Страница 40 из 51
— Лыжню, Матвей!
Он неохотно ступил в сторону, торопливо подрагивающимн пальцами ухватил-таки пуговицу, пропустил ее через петельку и откинул покалывающие неизношенным сукном клапаны шлема. И побежал сбоку лыжни, мощно, красиво взрывая целину не прибитого ветрами снега, одного за другим обгоняя ушедших вперед лыжников, замечая, что и они, не желая ему уступить, наддали шагу, замахали палками. Но Матвей обходил их легко и красиво — откуда взялись такие силы? — снег радостно и высоко повизгивал под длинными ходкими лыжами, мелькали разгоряченные лица. Знакомые, дорогие лица его сослуживцев, бойцов строительного батальона, комсомольцев-добровольцев. Бежал, налегая на длинные палки, чтобы встать в голову колонны, где рдяно реяло, билось на ветру полковое знамя.

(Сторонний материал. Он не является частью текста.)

(* There exists no binary orthogonal array of parameters $(n,M,\tau)=(10,192,5)$, i.e. of length $10$, cardinality $192=6\cdot 2^5$ and strength $5$.
   Context: A binary orthogonal array of parameters $(n,M,\tau)$ is the multiset of rows of an $M\times n$ binary matrix such that every $M\times\tau$ submatrix contains each ordered $\tau$-tuple of $\{0,1\}^\tau$ exactly $M/2^\tau$ times as rows. *)

theory Defs
  imports Main "HOL-Library.Multiset"
begin

definition binary_OA :: "nat \<Rightarrow> nat \<Rightarrow> nat \<Rightarrow> bool list multiset \<Rightarrow> bool" where
  "binary_OA n M \<tau> C \<longleftrightarrow>
     size C = M \<and>
     (\<forall>r \<in># C. length r = n) \<and>
     \<tau> \<le> n \<and>
     (\<forall>cols t. distinct cols \<and> length cols = \<tau> \<and> set cols \<subseteq> {0..<n} \<and> length t = \<tau> \<longrightarrow>
        2 ^ \<tau> * size (filter_mset (\<lambda>r. map (\<lambda>i. r ! i) cols = t) C) = M)"

end

theory Submission
  imports Defs
begin

(* Let S U = (SUM r in C. (-1)^|{i in U. r ! i}|) be the Walsh coefficients of an OA(10, 192, 5) C.
   Strength 5 gives S {} = 192 and S U = 0 for 1 <= |U| <= 5, and summing S over the subsets of U
   counts 2^|U| times the rows vanishing on U; by induction on |U| this makes every S U divisible
   by 64, and the sum over the subsets of U divisible by 128 once |U| >= 7.  A second-moment
   argument with a Walsh polynomial of degree 2 shows that C has no repeated rows, so Parseval
   gives (SUM |U| >= 6. (S U / 64)^2) = 39: at most 39 sets U have S U / 64 odd.  On the other
   hand, as S {} / 64 = 3 is odd, every U with |U| >= 7 contains an odd number of these sets, and
   double counting over their sizes 6 to 9 shows that such a family has at least 40 members. *)

lemma card_subsets_between:
  assumes "finite u" "v \<subseteq> u" "card v \<le> m"
  shows "card {w. v \<subseteq> w \<and> w \<subseteq> u \<and> card w = m} = (card u - card v) choose (m - card v)"
proof -
  have "finite v" using assms(1,2) finite_subset by blast
  have card_union: "card (x \<union> v) = m" if "x \<subseteq> u - v" "card x = m - card v" for x
  proof -
    have "finite x" using that(1) assms(1) finite_subset by blast
    then show ?thesis using that assms(3) \<open>finite v\<close> by (subst card_Un_disjoint) auto
  qed
  have "bij_betw (\<lambda>x. x \<union> v) {x. x \<subseteq> u - v \<and> card x = m - card v} {w. v \<subseteq> w \<and> w \<subseteq> u \<and> card w = m}"
  proof (rule bij_betw_byWitness[where f' = "\<lambda>w. w - v"])
    show "(\<lambda>x. x \<union> v) ` {x. x \<subseteq> u - v \<and> card x = m - card v} \<subseteq> {w. v \<subseteq> w \<and> w \<subseteq> u \<and> card w = m}"
      using card_union assms(2) by auto
    show "(\<lambda>w. w - v) ` {w. v \<subseteq> w \<and> w \<subseteq> u \<and> card w = m} \<subseteq> {x. x \<subseteq> u - v \<and> card x = m - card v}"
      using \<open>finite v\<close> by (auto simp: card_Diff_subset)
  qed auto
  then have "card {w. v \<subseteq> w \<and> w \<subseteq> u \<and> card w = m} = card {x. x \<subseteq> u - v \<and> card x = m - card v}"
    by (simp add: bij_betw_same_card)
  also have "\<dots> = (card u - card v) choose (m - card v)"
    using assms \<open>finite v\<close> by (simp add: n_subsets card_Diff_subset)
  finally show ?thesis .
qed

lemma sum_card_layer_below:
  fixes F :: "'a set set"
  assumes "finite u" "j \<le> m"
  shows "(\<Sum>w | w \<subseteq> u \<and> card w = m. card {V\<in>F. V \<subseteq> w \<and> card V = j})
       = card {V\<in>F. V \<subseteq> u \<and> card V = j} * ((card u - j) choose (m - j))"
proof -
  let ?W = "{w. w \<subseteq> u \<and> card w = m}" and ?G = "{V\<in>F. V \<subseteq> u \<and> card V = j}"
  have fin: "finite ?W" "finite ?G" using assms(1) by auto
  have "(\<Sum>w\<in>?W. card {V\<in>F. V \<subseteq> w \<and> card V = j}) = (\<Sum>w\<in>?W. \<Sum>V\<in>{V\<in>?G. V \<subseteq> w}. 1)"
    by (intro sum.cong refl) (auto intro!: arg_cong[where f = card])
  also have "\<dots> = (\<Sum>V\<in>?G. \<Sum>w\<in>{w\<in>?W. V \<subseteq> w}. 1)"
    by (rule sum.swap_restrict[OF fin])
  also have "\<dots> = (\<Sum>V\<in>?G. (card u - j) choose (m - j))"
  proof (rule sum.cong[OF refl])
    fix V assume "V \<in> ?G"
    then have "{w\<in>?W. V \<subseteq> w} = {w. V \<subseteq> w \<and> w \<subseteq> u \<and> card w = m}" "V \<subseteq> u" "card V = j"
      by auto
    then show "(\<Sum>w\<in>{w\<in>?W. V \<subseteq> w}. 1) = (card u - j) choose (m - j)"
      using card_subsets_between[OF assms(1), of V m] assms(2) by simp
  qed
  finally show ?thesis by simp
qed

lemma card_eq_sum_layers:
  assumes "finite u"
  shows "card {V\<in>F. V \<subseteq> u} = (\<Sum>j\<le>card u. card {V\<in>F. V \<subseteq> u \<and> card V = j})"
proof -
  have "{V\<in>F. V \<subseteq> u} = (\<Union>j\<le>card u. {V\<in>F. V \<subseteq> u \<and> card V = j})"
    using card_mono[OF assms] by auto
  then show ?thesis
    using assms by (simp add: card_UN_disjoint disjoint_iff)
qed

lemma sum_odd_nat:
  fixes g :: "'a \<Rightarrow> nat"
  assumes "finite A" "\<And>a. a \<in> A \<Longrightarrow> odd (g a)"
  shows "card A \<le> sum g A" and "even (sum g A) \<longleftrightarrow> even (card A)"
proof -
  have "(\<Sum>a\<in>A. 1) \<le> sum g A"
    using assms(2) by (intro sum_mono) (metis odd_pos Suc_leI One_nat_def)
  then show "card A \<le> sum g A" by simp
  have "{a\<in>A. odd (g a)} = A" using assms(2) by auto
  then show "even (sum g A) \<longleftrightarrow> even (card A)"
    using even_sum_iff[OF assms(1), of g] by simp
qed

lemma card_odd_le_sum_squares:
  fixes g :: "'a \<Rightarrow> int"
  assumes "finite A"
  shows "int (card {a\<in>A. odd (g a)}) \<le> (\<Sum>a\<in>A. (g a)^2)"
proof -
  have "int (card {a\<in>A. odd (g a)}) = (\<Sum>a\<in>{a\<in>A. odd (g a)}. 1)" by simp
  also have "\<dots> \<le> (\<Sum>a\<in>{a\<in>A. odd (g a)}. (g a)^2)"
  proof (rule sum_mono)
    fix a assume "a \<in> {a\<in>A. odd (g a)}"
    then have "g a \<noteq> 0" by auto
    then show "1 \<le> (g a)^2"
      by (simp add: int_one_le_iff_zero_less)
  qed
  also have "\<dots> \<le> (\<Sum>a\<in>A. (g a)^2)"
    using assms by (intro sum_mono2) auto
  finally show ?thesis .
qed

lemma sum_Pow_eq_empty_plus_large:
  fixes g :: "'a set \<Rightarrow> int"
  assumes "finite W" "0 < k" "\<And>U. U \<subseteq> W \<Longrightarrow> U \<noteq> {} \<Longrightarrow> card U < k \<Longrightarrow> g U = 0"
  shows "(\<Sum>U\<in>Pow W. g U) = g {} + (\<Sum>U | U \<subseteq> W \<and> k \<le> card U. g U)"
proof -
  have "(\<Sum>U\<in>Pow W. g U) = (\<Sum>U\<in>Pow W. (if U = {} then g {} else 0) + (if k \<le> card U then g U else 0))"
    using assms(2,3) by (intro sum.cong refl) auto
  also have "\<dots> = g {} + (\<Sum>U\<in>{U\<in>Pow W. k \<le> card U}. g U)"
    using assms(1) by (simp add: sum.distrib sum.inter_filter[symmetric])
  also have "{U\<in>Pow W. k \<le> card U} = {U. U \<subseteq> W \<and> k \<le> card U}" by auto
  finally show ?thesis .
qed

…Матвей открыл глаза и увидел склонившуюся над ним жену. Она виновато улыбнулась, скрывая вновь выступившие на глаза слезы.
— Пока ты ходила, я уснул, — сказал он, еще дивясь своему чудесному сну, и не удержался: — Видел сон. Помнишь, тот наш лыжный переход? Весь наш батальон. — Он закрыл глаза, что-то припоминая, и досказал: — Всех ребят видел, как мы шли. И чудо какое-то, Венька Проклов отстал от меня. В жизни такого не было! Венька-то сибиряк. Помнишь Веньку?
— Помню, помню, — заторопилась Алена. — И Булдакова Семена. Семена тоже видел?
— Семен шел со знаменем, и я его догонял. Чудно, — повторил он, жмурясь, — Аркадия видел Арбузова. Мать, когда умер он?
— В прошлом году, в марте, Матюша. А что видел-то про него? — спросила Алена настороженно.
— Да я клапана шлема стал подвязывать, а он сзади меня, торопит: «Дай, Матвей, лыжню!» Ну, значит, вперед пройти хочет. Я, конечно, уступил ему, не задерживать же батальон.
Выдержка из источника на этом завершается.